This is an expansive plan: the aisled seven-bay nave dilates into deep lateral chapels; there is a projecting transept and the choir has double aisles extending into a double ambulatory around a seven-segment hemicycle. The deeper axial chapel was rebuilt in the 14th century
The nave has three stories of roughly equal height: the arcade is supported on compound piers; the middle level looks like a gallery each bay with two smaler arches occupting a major arch and a lower balustrade. It is, in fact, a triforium. The clerestory has a passage. The main vaults are quadripartite rib vaults. The choir has a pyramidal elevation like Bourges Cathedral with tall aisles/ambulatory surrounded by a lower outer space. The main piers support a thick arcade wall organized in a double order; this doubling is reflected in twin columns in the hemicycle. The main vessel has only two stories: the upper level is a tall clerestory with a passage shielded by balustrade.
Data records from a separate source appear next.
lemma gauge_ge_inverse:
  assumes "0 < g" and "N \<ge> 1" and "x0 \<le> nsmul N g"
  shows "1 / real N \<le> gauge x0 g"
  unfolding gauge_def
proof (rule cInf_greatest[OF gauge_bounds_nonempty])
  fix a
  assume "a \<in> gauge_bounds x0 g"
  then consider "a = 1"
    | p q where "a = real p / real q" "q \<ge> 1" "nsmul q g \<le> nsmul p x0"
    unfolding gauge_bounds_def by auto
  then show "1 / real N \<le> a"
  proof cases
    case 1
    then show ?thesis
      using \<open>N \<ge> 1\<close> by simp
  next
    case (2 p q)
    have "nsmul q g \<le> nsmul (p * N) g"
      using \<open>nsmul q g \<le> nsmul p x0\<close> nsmul_mono[OF \<open>x0 \<le> nsmul N g\<close>, of p]
      by (simp add: nsmul_mult)
    then have "q \<le> p * N"
      using nsmul_strict_increasing[OF \<open>0 < g\<close>, of "p * N" q] by (meson not_le)
    then have "real q \<le> real p * real N"
      by (metis of_nat_le_iff of_nat_mult)
    moreover have "0 < real q" and "0 < real N"
      using \<open>q \<ge> 1\<close> \<open>N \<ge> 1\<close> by auto
    ultimately have "1 / real N \<le> real p / real q"
      by (simp add: field_simps)
    with \<open>a = real p / real q\<close> show ?thesis
      by simp
  qed
qed

lemma gauge_less_inverse_imp_less:
  assumes "0 < e" and "N \<ge> 1" and "x0 \<le> nsmul N e"
    and "gauge x0 g < 1 / real N"
  shows "g < e"
proof -
  obtain a where a: "a \<in> gauge_bounds x0 g" "a < 1 / real N"
    using cInf_lessD[OF gauge_bounds_nonempty] assms(4) unfolding gauge_def by blast
  then have "a \<noteq> 1"
    using \<open>N \<ge> 1\<close> by (auto simp: field_simps)
  with a obtain p q where "a = real p / real q" "q \<ge> 1" and g_le: "nsmul q g \<le> nsmul p x0"
    unfolding gauge_bounds_def by auto
  with a \<open>N \<ge> 1\<close> have "real (p * N) < real q"
    by (simp add: field_simps)
  then have "p * N < q"
    by (simp only: of_nat_less_iff)
  have "nsmul q g \<le> nsmul (p * N) e"
    using g_le nsmul_mono[OF \<open>x0 \<le> nsmul N e\<close>, of p] by (simp add: nsmul_mult)
  also have "\<dots> < nsmul q e"
    by (rule nsmul_strict_increasing[OF \<open>0 < e\<close> \<open>p * N < q\<close>])
  finally show ?thesis
    by (rule nsmul_less_cancel)
qed

lemma exists_pos_double_le:
  fixes e :: "'g::linordered_ab_group_add"
  assumes "0 < f" and "f < e"
  obtains h where "0 < h" and "h + h \<le> e"
proof (cases "f + f \<le> e")
  case True
  with \<open>0 < f\<close> show ?thesis
    by (rule that)
next
  case False
  with assms have "0 < e - f" and "(e - f) + (e - f) \<le> e"
    by (auto simp: algebra_simps)
  then show ?thesis
    by (rule that)
qed

lemma exists_pos_nsmul_power2_le:
  fixes x0 :: "'g::linordered_ab_group_add"
  assumes no_least: "\<And>e :: 'g. 0 < e \<Longrightarrow> \<exists>f>0. f < e" and "0 < x0"
  shows "\<exists>f>0. nsmul (2 ^ k) f \<le> x0"
proof (induction k)
  case 0
  show ?case
    using \<open>0 < x0\<close> by auto
next
  case (Suc k)
  then obtain e where "0 < e" and e_le: "nsmul (2 ^ k) e \<le> x0"
    by blast
  obtain f where "0 < f" "f < e"
    using no_least[OF \<open>0 < e\<close>] by blast
  then obtain h where "0 < h" and "h + h \<le> e"
    by (rule exists_pos_double_le)
  have "nsmul (2 ^ Suc k) h = nsmul (2 ^ k) (h + h)"
    by (simp only: power_Suc2 nsmul_mult) (simp add: numeral_2_eq_2 nsmul_Suc)
  also have "\<dots> \<le> nsmul (2 ^ k) e"
    by (rule nsmul_mono[OF \<open>h + h \<le> e\<close>])
  finally show ?case
    using e_le \<open>0 < h\<close> order_trans by blast
qed

lemma gauge_small_near_zero:
  fixes x0 :: "'g::linordered_ab_group_add"
  assumes "0 < x0" and "0 < r"
  obtains e where "0 < e" and "\<And>g. 0 \<le> g \<Longrightarrow> g < e \<Longrightarrow> gauge x0 g < r"
proof (cases "\<exists>m>0. \<forall>g>(0::'g). m \<le> g")
  case True
  then obtain m :: 'g where "0 < m" and least: "\<forall>g>0. m \<le> g"
    by blast
  have "gauge x0 g < r" if "0 \<le> g" "g < m" for g
  proof -
    from that least have "g = 0"
      by (metis not_le order_le_less)
    with \<open>0 < r\<close> show ?thesis
      by simp
  qed
  with \<open>0 < m\<close> show ?thesis
    by (rule that)
next
  case False
  then have no_least: "\<exists>f>0. f < e" if "0 < e" for e :: 'g
    using that by (auto simp: not_le)
  obtain k where k: "(1 / 2 :: real) ^ k < r"
    using real_arch_pow_inv[OF \<open>0 < r\<close>, of "1 / 2"] by auto
  obtain f where "0 < f" and f_le: "nsmul (2 ^ k) f \<le> x0"
    using exists_pos_nsmul_power2_le[OF no_least \<open>0 < x0\<close>] by blast
  have "gauge x0 f \<le> real 1 / real (2 ^ k)"
    using f_le by (intro gauge_le_divide) auto
  with k have "gauge x0 f < r"
    by (simp add: power_divide)
  with gauge_mono[of _ f x0] have "gauge x0 g < r" if "g < f" for g
    using that by (meson less_imp_le order_le_less_trans)
  with \<open>0 < f\<close> show ?thesis
    by (rule that)
qed

definition gauge_metric ::
  "'g::linordered_ab_group_add \<Rightarrow> 'a set \<Rightarrow> ('a \<Rightarrow> 'a \<Rightarrow> 'g) \<Rightarrow> 'a \<Rightarrow> 'a \<Rightarrow> real" where
  "gauge_metric x0 M d x y = (if x \<in> M \<and> y \<in> M then gauge x0 (d x y) else 0)"

lemma Metric_space_gauge_metric:
  assumes d: "is_G_metric M d" and least: "\<And>y. 0 < y \<Longrightarrow> arch_below x0 y"
  shows "Metric_space M (gauge_metric x0 M d)"
proof
  fix x y
  show "0 \<le> gauge_metric x0 M d x y"
    by (simp add: gauge_metric_def gauge_nonneg)
  show "gauge_metric x0 M d x y = gauge_metric x0 M d y x"
    using d by (auto simp: gauge_metric_def is_G_metric_def)
next
  fix x y
  assume "x \<in> M" "y \<in> M"
  with d have "0 \<le> d x y" and d_zero: "d x y = 0 \<longleftrightarrow> x = y"
    unfolding is_G_metric_def by auto
  have "gauge x0 (d x y) \<noteq> 0" if "x \<noteq> y"
  proof -
    from that d_zero \<open>0 \<le> d x y\<close> have "0 < d x y"
      by simp
    with least obtain N where "N \<ge> 1" "x0 \<le> nsmul N (d x y)"
      unfolding arch_below_def by blast
    with \<open>0 < d x y\<close> have "1 / real N \<le> gauge x0 (d x y)"
      by (rule gauge_ge_inverse)
    moreover have "0 < 1 / real N"
      using \<open>N \<ge> 1\<close> by simp
    ultimately show ?thesis
      by linarith
  qed
  with d_zero \<open>x \<in> M\<close> \<open>y \<in> M\<close> show "gauge_metric x0 M d x y = 0 \<longleftrightarrow> x = y"
    by (auto simp: gauge_metric_def)
next
  fix x y z
  assume "x \<in> M" "y \<in> M" "z \<in> M"
  with d have "gauge x0 (d x z) \<le> gauge x0 (d x y + d y z)"
    unfolding is_G_metric_def by (intro gauge_mono) blast
  also have "\<dots> \<le> gauge x0 (d x y) + gauge x0 (d y z)"
    by (rule gauge_add)
  finally show "gauge_metric x0 M d x z \<le> gauge_metric x0 M d x y + gauge_metric x0 M d y z"
    using \<open>x \<in> M\<close> \<open>y \<in> M\<close> \<open>z \<in> M\<close> by (simp add: gauge_metric_def)
qed

lemma (in Metric_space) in_Met_eq_mtopology:
  assumes "in_Met X d'" and "M = topspace X"
    and mball_in_G_ball: "\<And>x e. x \<in> M \<Longrightarrow> 0 < e \<Longrightarrow> \<exists>r>0. mball x r \<subseteq> G_ball M d' x e"
    and G_ball_in_mball: "\<And>x r. x \<in> M \<Longrightarrow> 0 < r \<Longrightarrow> \<exists>e>0. G_ball M d' x e \<subseteq> mball x r"
  shows "X = mtopology"
proof -
  have balls_iff: "(\<exists>e>0. G_ball M d' x e \<subseteq> U) \<longleftrightarrow> (\<exists>r>0. mball x r \<subseteq> U)"
    if "x \<in> M" for x U
  proof
    assume "\<exists>e>0. G_ball M d' x e \<subseteq> U"
    then obtain e where "0 < e" "G_ball M d' x e \<subseteq> U"
      by blast
    with mball_in_G_ball[OF that] show "\<exists>r>0. mball x r \<subseteq> U"
      by (meson subset_trans)
  next
    assume "\<exists>r>0. mball x r \<subseteq> U"
    then obtain r where "0 < r" "mball x r \<subseteq> U"
      by blast
    with G_ball_in_mball[OF that] show "\<exists>e>0. G_ball M d' x e \<subseteq> U"
      by (meson subset_trans)
  qed
  have "openin X U \<longleftrightarrow> openin mtopology U" for U
  proof -
    have "openin X U \<longleftrightarrow> U \<subseteq> M \<and> (\<forall>x\<in>U. \<exists>e>0. G_ball M d' x e \<subseteq> U)"
      using assms(1,2) unfolding in_Met_def by simp
    also have "\<dots> \<longleftrightarrow> U \<subseteq> M \<and> (\<forall>x. x \<in> U \<longrightarrow> (\<exists>r>0. mball x r \<subseteq> U))"
      using balls_iff by (meson subsetD)
    also have "\<dots> \<longleftrightarrow> openin mtopology U"
      by (rule openin_mtopology[symmetric])
    finally show ?thesis .
  qed
  then show ?thesis
    by (simp add: topology_eq)
qed

lemma mtopology_gauge_metric:
  fixes x0 :: "'g::linordered_ab_group_add"
  assumes d: "in_Met X d" and "0 < x0" and least: "\<And>y. 0 < y \<Longrightarrow> arch_below x0 y"
  shows "Metric_space.mtopology (topspace X) (gauge_metric x0 (topspace X) d) = X"
proof -
  let ?M = "topspace X"
  have G_metric: "is_G_metric ?M d"
    using d unfolding in_Met_def by blast
  interpret Metric_space ?M "gauge_metric x0 ?M d"
    using Metric_space_gauge_metric[OF G_metric least] .
  have d_nonneg: "0 \<le> d x y" if "x \<in> ?M" "y \<in> ?M" for x y
    using G_metric that unfolding is_G_metric_def by blast
  have mball_eq: "mball x r = {y \<in> ?M. gauge x0 (d x y) < r}" if "x \<in> ?M" for x r
    using that by (auto simp: gauge_metric_def)
  have "X = mtopology"
  proof (rule in_Met_eq_mtopology[OF d refl])
    fix x and e :: 'g
    assume "x \<in> ?M" "0 < e"
    with least obtain N where "N \<ge> 1" "x0 \<le> nsmul N e"
      unfolding arch_below_def by blast
    with \<open>0 < e\<close> have "mball x (1 / real N) \<subseteq> G_ball ?M d x e"
      using gauge_less_inverse_imp_less by (auto simp: mball_eq[OF \<open>x \<in> ?M\<close>] G_ball_def)
    moreover have "0 < 1 / real N"
      using \<open>N \<ge> 1\<close> by simp
    ultimately show "\<exists>r>0. mball x r \<subseteq> G_ball ?M d x e"
      by blast
  next
    fix x and r :: real
    assume "x \<in> ?M" "0 < r"
    obtain e where "0 < e" and "\<And>g. 0 \<le> g \<Longrightarrow> g < e \<Longrightarrow> gauge x0 g < r"
      using gauge_small_near_zero[OF \<open>0 < x0\<close> \<open>0 < r\<close>] by blast
    then have "G_ball ?M d x e \<subseteq> mball x r"
      using d_nonneg \<open>x \<in> ?M\<close> by (auto simp: mball_eq[OF \<open>x \<in> ?M\<close>] G_ball_def)
    with \<open>0 < e\<close> show "\<exists>e>0. G_ball ?M d x e \<subseteq> mball x r"
      by blast
  qed
  then show ?thesis
    by simp
qed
The intermediary supports are slender columns; the choir aisle/ambulatory has its own triforium and clerestory
Above the crossing space rises an extraordinary lantern tower.
Bishop William Tournebu (1179-99) who probably initiated work on the nave had been dean of Bayeux Cathedral.
Bishop Hugh de Morville (1208-1238) presided over most of the Gothic construction: he was buried in the choir. An interegnum followed his death; in 1245 Gislanus became bishop,
There is no documentation for the construction of the new nave, probably begun at the end of the twelfth century.
The choir and transept arms, sometimes dated in the mid-13th century were probably begun under Bishop Hugh and finished by around 1235. The life of Bishop Hugh is documented by Lindy Grant, who, noting his foundation of six chapels in the cathedral and his burial in the choir, suggests that he was a building bishop
The forms of the nave make direct references to Fécamp; work at Coutances parallels that at S-Laurent of Eu. Work on the Coutances nave probably came soon after the nave of Bayeux. Similarities of form in early Norman Gothic -- often looking back to S-Etienne of Caen-- reflect a network of connections amongst Norman prelates who tended to be conservative and to have strong local roots.
Grant, hailing the choir of Coutances as "the most beautiful Gothic structure in Normandy," proposed a Norman architect with a background in the choir of S-Etienne of Caen (particularly in relation to the linked spaces of the radiating chapels). Exterior massing in the two chevets is very similar. There are also strong links with the cloister of Mont-Saint-Michel and Hambye.